The value of the coefficient for question 1 is 0. This indicates that learning to win at gambling has very little or no effect on being Left handed.

### 26. If you have to select one model overall to be your *best* model, which model would you select? Why?
- Usually in the "real world," you'll fit many types of models but ultimately need to pick only one! (For example, a client may not understand what it means to have multiple models, or if you're using an algorithm to make a decision, it's probably pretty challenging to use two or more algorithms simultaneously.) It's not always an easy choice, but you'll have to make it soon enough. Pick a model and defend why you picked this model!

I would pick the Lasso Logistic regression model with alpha 1. This is because it gives relatively good accuracy scores and it would help identify psychological features which are important.

### 27. Circle back to the three specific and conclusively answerable questions you came up with in Q1. Answer one of these for the professor based on the model you selected!

Does an assosciation occur of left handedness with Gender?

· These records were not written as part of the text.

lemma quadA_lower_bound:
  assumes "0 < s" "0 \<le> a"
  shows "(b - 2 * a) * (\<Sum>i<s. x i * x i) \<le> quadA b a s x"
proof -
  let ?S = "\<Sum>i<s. x i * x i" and ?C = "\<Sum>i<s. x i * x (Suc i mod s)"
  have "0 \<le> (\<Sum>i<s. (x i + x (Suc i mod s)) * (x i + x (Suc i mod s)))"
    by (intro sum_nonneg) simp
  also have "\<dots> = ?S + (\<Sum>i<s. x (Suc i mod s) * x (Suc i mod s)) + 2 * ?C"
    by (simp add: sum.distrib algebra_simps sum_distrib_left)
  also have "(\<Sum>i<s. x (Suc i mod s) * x (Suc i mod s)) = ?S"
    using sum_Suc_mod[OF assms(1), of "\<lambda>i. x i * x i"] by simp
  finally have "a * (- ?S) \<le> a * ?C"
    using assms(2) by (intro mult_left_mono) simp_all
  then show ?thesis
    using quadA_cyclic[OF assms(1), of b a x] by (simp add: algebra_simps)
qed

section \<open>Lebesgue measure on \<open>\<real>\<^sup>s\<close>\<close>

lemma measurable_Rn_component[measurable]: "(\<lambda>x. x i) \<in> borel_measurable (Rn s)"
proof (cases "i < s")
  case True
  then show ?thesis
    unfolding Rn_def by (simp add: measurable_component_singleton)
next
  case False
  then have "x i = undefined" if "x \<in> space (Rn s)" for x
    using that by (auto simp: Rn_def space_PiM PiE_def extensional_def)
  then show ?thesis
    using measurable_cong[of "Rn s" "\<lambda>x. x i" "\<lambda>x. undefined" borel] by simp
qed

lemma borel_measurable_quadA[measurable]: "quadA b a s \<in> borel_measurable (Rn s)"
  unfolding quadA_def by measurable

lemma borel_measurable_phiN_scaled[measurable]:
  "(\<lambda>x. phiN b a s (\<lambda>k. r * x k)) \<in> borel_measurable (Rn s)"
proof -
  have [measurable]: "(cosh::real \<Rightarrow> real) \<in> borel_measurable borel"
    by (intro borel_measurable_continuous_onI continuous_intros)
  have "(\<lambda>x. phiN b a s (\<lambda>k. r * x k))
      = (\<lambda>x. r\<^sup>2 * quadA b a s x / 2 - (\<Sum>k<s. ln (cosh (r * (\<Sum>i<s. x i * Amat b a s i k)))))"
    by (simp add: phiN_def quadA_scale Acol_scale Acol_def)
  then show ?thesis
    by simp
qed

lemma space_Rn: "space (Rn s) = PiE {0..<s} (\<lambda>_. UNIV)"
  unfolding Rn_def by (simp add: space_PiM)

lemma product_sigma_finite_lborel: "product_sigma_finite (\<lambda>_. lborel :: real measure)"
  unfolding product_sigma_finite_def by (auto intro: sigma_finite_lborel)

lemma sigma_finite_Rn: "sigma_finite_measure (Rn s)"
  unfolding Rn_def by (intro product_sigma_finite.sigma_finite product_sigma_finite_lborel) simp

lemma emeasure_space_Rn_nonzero: "emeasure (Rn s) (space (Rn s)) \<noteq> 0"
proof -
  interpret product_sigma_finite "\<lambda>_. lborel :: real measure"
    by (rule product_sigma_finite_lborel)
  have "emeasure (Rn s) (PiE {0..<s} (\<lambda>_. {0..1})) = (\<Prod>i\<in>{0..<s}. emeasure lborel {0..1::real})"
    unfolding Rn_def by (intro emeasure_PiM) auto
  then have "emeasure (Rn s) (PiE {0..<s} (\<lambda>_. {0..1})) = 1"
    by simp
  moreover have "emeasure (Rn s) (PiE {0..<s} (\<lambda>_. {0..1})) \<le> emeasure (Rn s) (space (Rn s))"
    using sets.top[of "Rn s"] by (intro emeasure_mono) (auto simp: space_Rn)
  ultimately show ?thesis
    by auto
qed

lemma emeasure_lborel_translate:
  assumes "A \<in> sets lborel"
  shows "emeasure lborel ((\<lambda>t. c + t) -` A) = emeasure lborel (A :: real set)"
  using emeasure_distr[of "(+) c" lborel borel A] assms by (simp add: lborel_distr_plus)

lemma measurable_Rn_diff[measurable]:
  assumes "f \<in> measurable M (Rn s)" "h \<in> measurable M (Rn s)"
  shows "(\<lambda>z. \<lambda>i\<in>{0..<s}. f z i - h z i) \<in> measurable M (Rn s)"
proof -
  have "(\<lambda>z. f z i) \<in> borel_measurable M" "(\<lambda>z. h z i) \<in> borel_measurable M" for i
    using measurable_compose[OF assms(1) measurable_Rn_component] measurable_compose[OF assms(2) measurable_Rn_component]
    by simp_all
  then show ?thesis
    unfolding Rn_def by (intro measurable_restrict) (simp add: measurable_lborel2 borel_measurable_diff)
qed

The answer is yes as there is a coefficient value for the gender parameter with Left handedness.

### BONUS:
Looking for more to do? Probably not - you're busy! But if you want to, consider exploring the following. (They could make for a blog post!)
- Create a visual plot comparing training and test metrics for various values of $k$ and various regularization schemes in logistic regression.
- Rather than just evaluating models based on accuracy, consider using sensitivity, specificity, etc.
- In the context of predicting left-handedness, why are unbalanced classes concerning? If you were to re-do this process given those concerns, what changes might you make?
- Fit and evaluate a generalized linear model other than logistic regression (e.g. Poisson regression).
- Suppose this data were in a `SQL` database named `data` and a table named `inventory`. What `SQL` query would return the count of people who were right-handed, left-handed, both, or missing with their class labels of 1, 2, 3, and 0, respectively? (You can assume you've already logged into the database.)